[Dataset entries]
______________________________

lemma cos_sq_over_square_sums:
  assumes "0 \<le> \<theta>" "\<theta> \<le> pi / 2"
  shows "(\<lambda>k. (cos (real (Suc k) * \<theta>))\<^sup>2 / (real (Suc k))\<^sup>2)
    sums (pi\<^sup>2 / 6 - pi * \<theta> / 2 + \<theta>\<^sup>2 / 2)"
proof -
  have "(\<lambda>k. (1 / (real k)\<^sup>2 + cos (real k * (2 * \<theta>)) / (real k)\<^sup>2) / 2)
      sums ((pi\<^sup>2 / 6 + (pi\<^sup>2 / 6 - pi * (2 * \<theta>) / 2 + (2 * \<theta>)\<^sup>2 / 4)) / 2)"
    using assms by (intro sums_divide sums_add sums_inverse_squares cos_over_square_sums) auto
  moreover have "(1 / (real k)\<^sup>2 + cos (real k * (2 * \<theta>)) / (real k)\<^sup>2) / 2
      = (cos (real k * \<theta>))\<^sup>2 / (real k)\<^sup>2" for k
  proof -
    have "(1 + cos (real k * (2 * \<theta>))) / 2 = (cos (real k * \<theta>))\<^sup>2"
      using cos_double_cos[of "real k * \<theta>"] by (simp add: mult.left_commute)
    moreover have "(1 / (real k)\<^sup>2 + cos (real k * (2 * \<theta>)) / (real k)\<^sup>2) / 2
        = ((1 + cos (real k * (2 * \<theta>))) / 2) / (real k)\<^sup>2"
      by (simp add: add_divide_distrib)
    ultimately show ?thesis by simp
  qed
  moreover have "(pi\<^sup>2 / 6 + (pi\<^sup>2 / 6 - pi * (2 * \<theta>) / 2 + (2 * \<theta>)\<^sup>2 / 4)) / 2
      = pi\<^sup>2 / 6 - pi * \<theta> / 2 + \<theta>\<^sup>2 / 2"
    by (simp add: power2_eq_square field_simps)
  ultimately have "(\<lambda>k. (cos (real k * \<theta>))\<^sup>2 / (real k)\<^sup>2) sums (pi\<^sup>2 / 6 - pi * \<theta> / 2 + \<theta>\<^sup>2 / 2)"
    by (simp only:)
  then show ?thesis by (subst sums_Suc_iff) simp
qed

lemma sin_sq_over_square_sums:
  assumes "0 \<le> \<theta>" "\<theta> \<le> pi / 2"
  shows "(\<lambda>k. (sin (real (Suc k) * \<theta>))\<^sup>2 / (real (Suc k))\<^sup>2) sums (pi * \<theta> / 2 - \<theta>\<^sup>2 / 2)"
proof -
  have "(\<lambda>k. (1 / (real k)\<^sup>2 - cos (real k * (2 * \<theta>)) / (real k)\<^sup>2) / 2)
      sums ((pi\<^sup>2 / 6 - (pi\<^sup>2 / 6 - pi * (2 * \<theta>) / 2 + (2 * \<theta>)\<^sup>2 / 4)) / 2)"
    using assms by (intro sums_divide sums_diff sums_inverse_squares cos_over_square_sums) auto
  moreover have "(1 / (real k)\<^sup>2 - cos (real k * (2 * \<theta>)) / (real k)\<^sup>2) / 2
      = (sin (real k * \<theta>))\<^sup>2 / (real k)\<^sup>2" for k
  proof -
    have "(1 - cos (real k * (2 * \<theta>))) / 2 = (sin (real k * \<theta>))\<^sup>2"
      using cos_double_sin[of "real k * \<theta>"] by (simp add: mult.left_commute)
    moreover have "(1 / (real k)\<^sup>2 - cos (real k * (2 * \<theta>)) / (real k)\<^sup>2) / 2
        = ((1 - cos (real k * (2 * \<theta>))) / 2) / (real k)\<^sup>2"
      by (simp add: diff_divide_distrib)
    ultimately show ?thesis by simp
  qed
  moreover have "(pi\<^sup>2 / 6 - (pi\<^sup>2 / 6 - pi * (2 * \<theta>) / 2 + (2 * \<theta>)\<^sup>2 / 4)) / 2
      = pi * \<theta> / 2 - \<theta>\<^sup>2 / 2"
    by (simp add: power2_eq_square field_simps)
  ultimately have "(\<lambda>k. (sin (real k * \<theta>))\<^sup>2 / (real k)\<^sup>2) sums (pi * \<theta> / 2 - \<theta>\<^sup>2 / 2)"
    by (simp only:)
  then show ?thesis by (subst sums_Suc_iff) simp
qed

section \<open>Traces of squared Toeplitz matrices\<close>

lemma sum_sum_even_diff:
  fixes g :: "real \<Rightarrow> real"
  assumes even: "\<And>t. g (- t) = g t"
  shows "(\<Sum>m=1..N. \<Sum>n=1..N. g (real m - real n))
    = real N * g 0 + 2 * (\<Sum>k=1..N. (real N - real k) * g (real k))"
proof (induction N)
  case (Suc N)
  have reflect: "(\<Sum>n=1..N. g (real (Suc N) - real n)) = (\<Sum>k=1..N. g (real k))"
    by (subst sum.atLeastAtMost_rev) (auto intro!: sum.cong simp: of_nat_diff)
  have "g (real m - real (Suc N)) = g (real (Suc N) - real m)" for m
    using even[of "real (Suc N) - real m"] by simp
  then have "(\<Sum>m=1..Suc N. g (real m - real (Suc N))) = (\<Sum>m=1..N. g (real (Suc N) - real m)) + g 0"
    by simp
  moreover have "(\<Sum>m=1..Suc N. \<Sum>n=1..Suc N. g (real m - real n))
      = (\<Sum>m=1..N. \<Sum>n=1..N. g (real m - real n)) + (\<Sum>m=1..N. g (real (Suc N) - real m))
        + (\<Sum>m=1..Suc N. g (real m - real (Suc N)))"
    by (simp add: sum.distrib)
  moreover have "(\<Sum>k=1..Suc N. (real (Suc N) - real k) * g (real k))
      = (\<Sum>k=1..N. (real N - real k) * g (real k)) + (\<Sum>k=1..N. g (real k))"
    by (simp add: sum.distrib[symmetric] algebra_simps)
  ultimately show ?case using Suc.IH reflect by (simp add: algebra_simps)
qed simp

lemma trace_sq_Toeplitz:
  "trace_sq (\<lambda>m n. f (real m - real n)) N
    = real N * (f 0)\<^sup>2 + 2 * (\<Sum>k=1..N. (real N - real k) * (f (real k) * f (- real k)))"
proof -
  have "trace_sq (\<lambda>m n. f (real m - real n)) N
      = (\<Sum>m=1..N. \<Sum>n=1..N. (\<lambda>t. f t * f (- t)) (real m - real n))"
    by (simp add: trace_sq_def)
  also have "\<dots> = real N * (f 0)\<^sup>2 + 2 * (\<Sum>k=1..N. (real N - real k) * (f (real k) * f (- real k)))"
    by (subst sum_sum_even_diff) (simp_all add: power2_eq_square)
  finally show ?thesis .
qed

lemma tendsto_harm_over_n: "(\<lambda>n. harm n / real n) \<longlonglongrightarrow> 0"
proof -
  have "(\<lambda>n. (harm n - ln (real n)) * (1 / real n) + ln (real n) / real n)
      \<longlonglongrightarrow> euler_mascheroni * 0 + 0"
    by (intro tendsto_intros euler_mascheroni_LIMSEQ lim_inverse_n' lim_ln_over_n)
  moreover have "(harm n - ln (real n)) * (1 / real n) + ln (real n) / real n = harm n / real n" for n
    by (simp add: diff_divide_distrib)
  ultimately show ?thesis by simp
qed

lemma weighted_mean_tendsto_of_square_decay:
  fixes h :: "nat \<Rightarrow> real"
  assumes sums: "(\<lambda>k. h (Suc k)) sums s"
    and decay: "\<And>k. 1 \<le> k \<Longrightarrow> \<bar>h k\<bar> \<le> c / (real k)\<^sup>2"
  shows "(\<lambda>N. (\<Sum>k=1..N. (real N - real k) * h k) / real N) \<longlonglongrightarrow> s"
proof -
  (* The mean is sum_{k=1..N} h k minus (sum_{k=1..N} k h k) / N, and the latter is O(c log N / N). *)
  have partial: "(\<lambda>N. \<Sum>k=1..N. h k) \<longlonglongrightarrow> s"
    using sums by (simp add: sums_def sum.atLeast1_atMost_eq)
  have first_moment: "(\<lambda>N. (\<Sum>k=1..N. real k * h k) / real N) \<longlonglongrightarrow> 0"
  proof (rule Lim_null_comparison)
    have "\<bar>\<Sum>k=1..N. real k * h k\<bar> \<le> c * harm N" for N
    proof -
      have "\<bar>\<Sum>k=1..N. real k * h k\<bar> \<le> (\<Sum>k=1..N. c * inverse (real k))"
      proof (rule order_trans[OF sum_abs sum_mono])
        fix k assume k: "k \<in> {1..N}"
        then have "real k * \<bar>h k\<bar> \<le> real k * (c / (real k)\<^sup>2)"
          using decay by (intro mult_left_mono) auto
        then show "\<bar>real k * h k\<bar> \<le> c * inverse (real k)"
          using k by (simp add: abs_mult power2_eq_square field_simps)
      qed
      then show ?thesis by (simp add: harm_def sum_distrib_left)
    qed
    then show "\<forall>\<^sub>F N in sequentially. norm ((\<Sum>k=1..N. real k * h k) / real N) \<le> c * (harm N / real N)"
      by (intro always_eventually allI) (simp add: divide_right_mono)
    show "(\<lambda>N. c * (harm N / real N)) \<longlonglongrightarrow> 0"
      using tendsto_mult_right_zero[OF tendsto_harm_over_n] by simp
  qed
  have "(\<lambda>N. (\<Sum>k=1..N. h k) - (\<Sum>k=1..N. real k * h k) / real N) \<longlonglongrightarrow> s - 0"
    by (intro tendsto_diff partial first_moment)
  moreover have "\<forall>\<^sub>F N in sequentially. (\<Sum>k=1..N. h k) - (\<Sum>k=1..N. real k * h k) / real N
      = (\<Sum>k=1..N. (real N - real k) * h k) / real N"
    by (intro eventually_sequentiallyI[of 1])
      (simp add: field_simps sum_distrib_left sum_subtractf[symmetric] left_diff_distrib)
  ultimately show ?thesis
    by (simp add: Lim_transform_eventually)
qed

lemma trace_sq_A_entry:
  "trace_sq (A_entry \<theta>) N
    = - 2 * (\<Sum>k=1..N. (real N - real k) * ((cos (real k * \<theta>))\<^sup>2 / (real k)\<^sup>2))"
proof -
  (* f 0 = cos 0 / 0 = 0 reproduces the zero diagonal. *)
  define f where "f t = cos (t * \<theta>) / t" for t
  have "A_entry \<theta> = (\<lambda>m n. f (real m - real n))"
    by (auto simp: A_entry_def f_def fun_eq_iff)
  then have "trace_sq (A_entry \<theta>) N
      = real N * (f 0)\<^sup>2 + 2 * (\<Sum>k=1..N. (real N - real k) * (f (real k) * f (- real k)))"
    by (simp only: trace_sq_Toeplitz)
  moreover have "f (real k) * f (- real k) = - ((cos (real k * \<theta>))\<^sup>2 / (real k)\<^sup>2)" for k
    by (simp add: f_def power2_eq_square)
  moreover have "f 0 = 0" by (simp add: f_def)
  ultimately show ?thesis by (simp add: sum_negf)
qed

lemma trace_sq_B_entry:
  "trace_sq (B_entry \<theta>) N
    = real N * \<theta>\<^sup>2 + 2 * (\<Sum>k=1..N. (real N - real k) * ((sin (real k * \<theta>))\<^sup>2 / (real k)\<^sup>2))"
proof -
  define f where "f t = (if t = 0 then \<theta> else sin (t * \<theta>) / t)" for t
  have "B_entry \<theta> = (\<lambda>m n. f (real m - real n))"
    by (auto simp: B_entry_def f_def fun_eq_iff)
  then have "trace_sq (B_entry \<theta>) N
      = real N * (f 0)\<^sup>2 + 2 * (\<Sum>k=1..N. (real N - real k) * (f (real k) * f (- real k)))"
    by (simp only: trace_sq_Toeplitz)
  moreover have "f (real k) * f (- real k) = (sin (real k * \<theta>))\<^sup>2 / (real k)\<^sup>2" if "1 \<le> k" for k
    using that by (simp add: f_def power2_eq_square)
  moreover have "f 0 = \<theta>" by (simp add: f_def)
  ultimately show ?thesis by simp
qed

lemma trace_sq_A_entry_tendsto:
  assumes "0 \<le> \<theta>" "\<theta> \<le> pi / 2"
  shows "(\<lambda>N. trace_sq (A_entry \<theta>) N / real N) \<longlonglongrightarrow> - (pi\<^sup>2 / 3 + \<theta>\<^sup>2 - pi * \<theta>)"
proof -
  have "(\<lambda>N. (\<Sum>k=1..N. (real N - real k) * ((cos (real k * \<theta>))\<^sup>2 / (real k)\<^sup>2)) / real N)
      \<longlonglongrightarrow> pi\<^sup>2 / 6 - pi * \<theta> / 2 + \<theta>\<^sup>2 / 2"
    using cos_sq_over_square_sums[OF assms]
    by (rule weighted_mean_tendsto_of_square_decay[where c = 1])
      (simp add: divide_right_mono abs_square_le_1)
  then have "(\<lambda>N. - 2 * ((\<Sum>k=1..N. (real N - real k) * ((cos (real k * \<theta>))\<^sup>2 / (real k)\<^sup>2)) / real N))
      \<longlonglongrightarrow> - 2 * (pi\<^sup>2 / 6 - pi * \<theta> / 2 + \<theta>\<^sup>2 / 2)"
    by (rule tendsto_mult_left)
  moreover have "- 2 * ((\<Sum>k=1..N. (real N - real k) * ((cos (real k * \<theta>))\<^sup>2 / (real k)\<^sup>2)) / real N)
      = trace_sq (A_entry \<theta>) N / real N" for N
    by (simp add: trace_sq_A_entry)
  moreover have "- 2 * (pi\<^sup>2 / 6 - pi * \<theta> / 2 + \<theta>\<^sup>2 / 2) = - (pi\<^sup>2 / 3 + \<theta>\<^sup>2 - pi * \<theta>)"
    by (simp add: field_simps)
  ultimately show ?thesis by (simp only:)
qed

lemma trace_sq_B_entry_tendsto:
  assumes "0 \<le> \<theta>" "\<theta> \<le> pi / 2"
  shows "(\<lambda>N. trace_sq (B_entry \<theta>) N / real N) \<longlonglongrightarrow> pi * \<theta>"
proof -
  have "(\<lambda>N. (\<Sum>k=1..N. (real N - real k) * ((sin (real k * \<theta>))\<^sup>2 / (real k)\<^sup>2)) / real N)
      \<longlonglongrightarrow> pi * \<theta> / 2 - \<theta>\<^sup>2 / 2"
    using sin_sq_over_square_sums[OF assms]
    by (rule weighted_mean_tendsto_of_square_decay[where c = 1])
      (simp add: divide_right_mono abs_square_le_1)
  then have "(\<lambda>N. \<theta>\<^sup>2 + 2 * ((\<Sum>k=1..N. (real N - real k) * ((sin (real k * \<theta>))\<^sup>2 / (real k)\<^sup>2)) / real N))
      \<longlonglongrightarrow> \<theta>\<^sup>2 + 2 * (pi * \<theta> / 2 - \<theta>\<^sup>2 / 2)"
    by (intro tendsto_add tendsto_const tendsto_mult_left)
  moreover have "\<forall>\<^sub>F N in sequentially.
      \<theta>\<^sup>2 + 2 * ((\<Sum>k=1..N. (real N - real k) * ((sin (real k * \<theta>))\<^sup>2 / (real k)\<^sup>2)) / real N)
      = trace_sq (B_entry \<theta>) N / real N"
    by (intro eventually_sequentiallyI[of 1]) (simp add: trace_sq_B_entry add_divide_distrib)
  ultimately have "(\<lambda>N. trace_sq (B_entry \<theta>) N / real N) \<longlonglongrightarrow> \<theta>\<^sup>2 + 2 * (pi * \<theta> / 2 - \<theta>\<^sup>2 / 2)"
    by (rule Lim_transform_eventually)
  then show ?thesis by (simp add: algebra_simps)
qed

theorem theorem3:
  fixes \<theta> :: real
  assumes "0 \<le> \<theta>" and "\<theta> \<le> pi / 2"
  shows "((\<lambda>N. trace_sq (A_entry \<theta>) N / real N)
           \<longlonglongrightarrow> - (pi\<^sup>2 / 3 + \<theta>\<^sup>2 - pi * \<theta>)) \<and>
         ((\<lambda>N. trace_sq (B_entry \<theta>) N / real N) \<longlonglongrightarrow> pi * \<theta>)"
  using trace_sq_A_entry_tendsto[OF assms] trace_sq_B_entry_tendsto[OF assms] by blast

end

______________________________

▶ **Requirement**: Would you print exactly, and only, the lines of the data above from the line with "by (subst sum_sum_even_diff)" through the line with "k\<bar> \<le> c * harm", inclusive?

▶ **Task answer**:
    by (subst sum_sum_even_diff) (simp_all add: power2_eq_square)
  finally show ?thesis .
qed

lemma tendsto_harm_over_n: "(\<lambda>n. harm n / real n) \<longlonglongrightarrow> 0"
proof -
  have "(\<lambda>n. (harm n - ln (real n)) * (1 / real n) + ln (real n) / real n)
      \<longlonglongrightarrow> euler_mascheroni * 0 + 0"
    by (intro tendsto_intros euler_mascheroni_LIMSEQ lim_inverse_n' lim_ln_over_n)
  moreover have "(harm n - ln (real n)) * (1 / real n) + ln (real n) / real n = harm n / real n" for n
    by (simp add: diff_divide_distrib)
  ultimately show ?thesis by simp
qed

lemma weighted_mean_tendsto_of_square_decay:
  fixes h :: "nat \<Rightarrow> real"
  assumes sums: "(\<lambda>k. h (Suc k)) sums s"
    and decay: "\<And>k. 1 \<le> k \<Longrightarrow> \<bar>h k\<bar> \<le> c / (real k)\<^sup>2"
  shows "(\<lambda>N. (\<Sum>k=1..N. (real N - real k) * h k) / real N) \<longlonglongrightarrow> s"
proof -
  (* The mean is sum_{k=1..N} h k minus (sum_{k=1..N} k h k) / N, and the latter is O(c log N / N). *)
  have partial: "(\<lambda>N. \<Sum>k=1..N. h k) \<longlonglongrightarrow> s"
    using sums by (simp add: sums_def sum.atLeast1_atMost_eq)
  have first_moment: "(\<lambda>N. (\<Sum>k=1..N. real k * h k) / real N) \<longlonglongrightarrow> 0"
  proof (rule Lim_null_comparison)
    have "\<bar>\<Sum>k=1..N. real k * h k\<bar> \<le> c * harm N" for N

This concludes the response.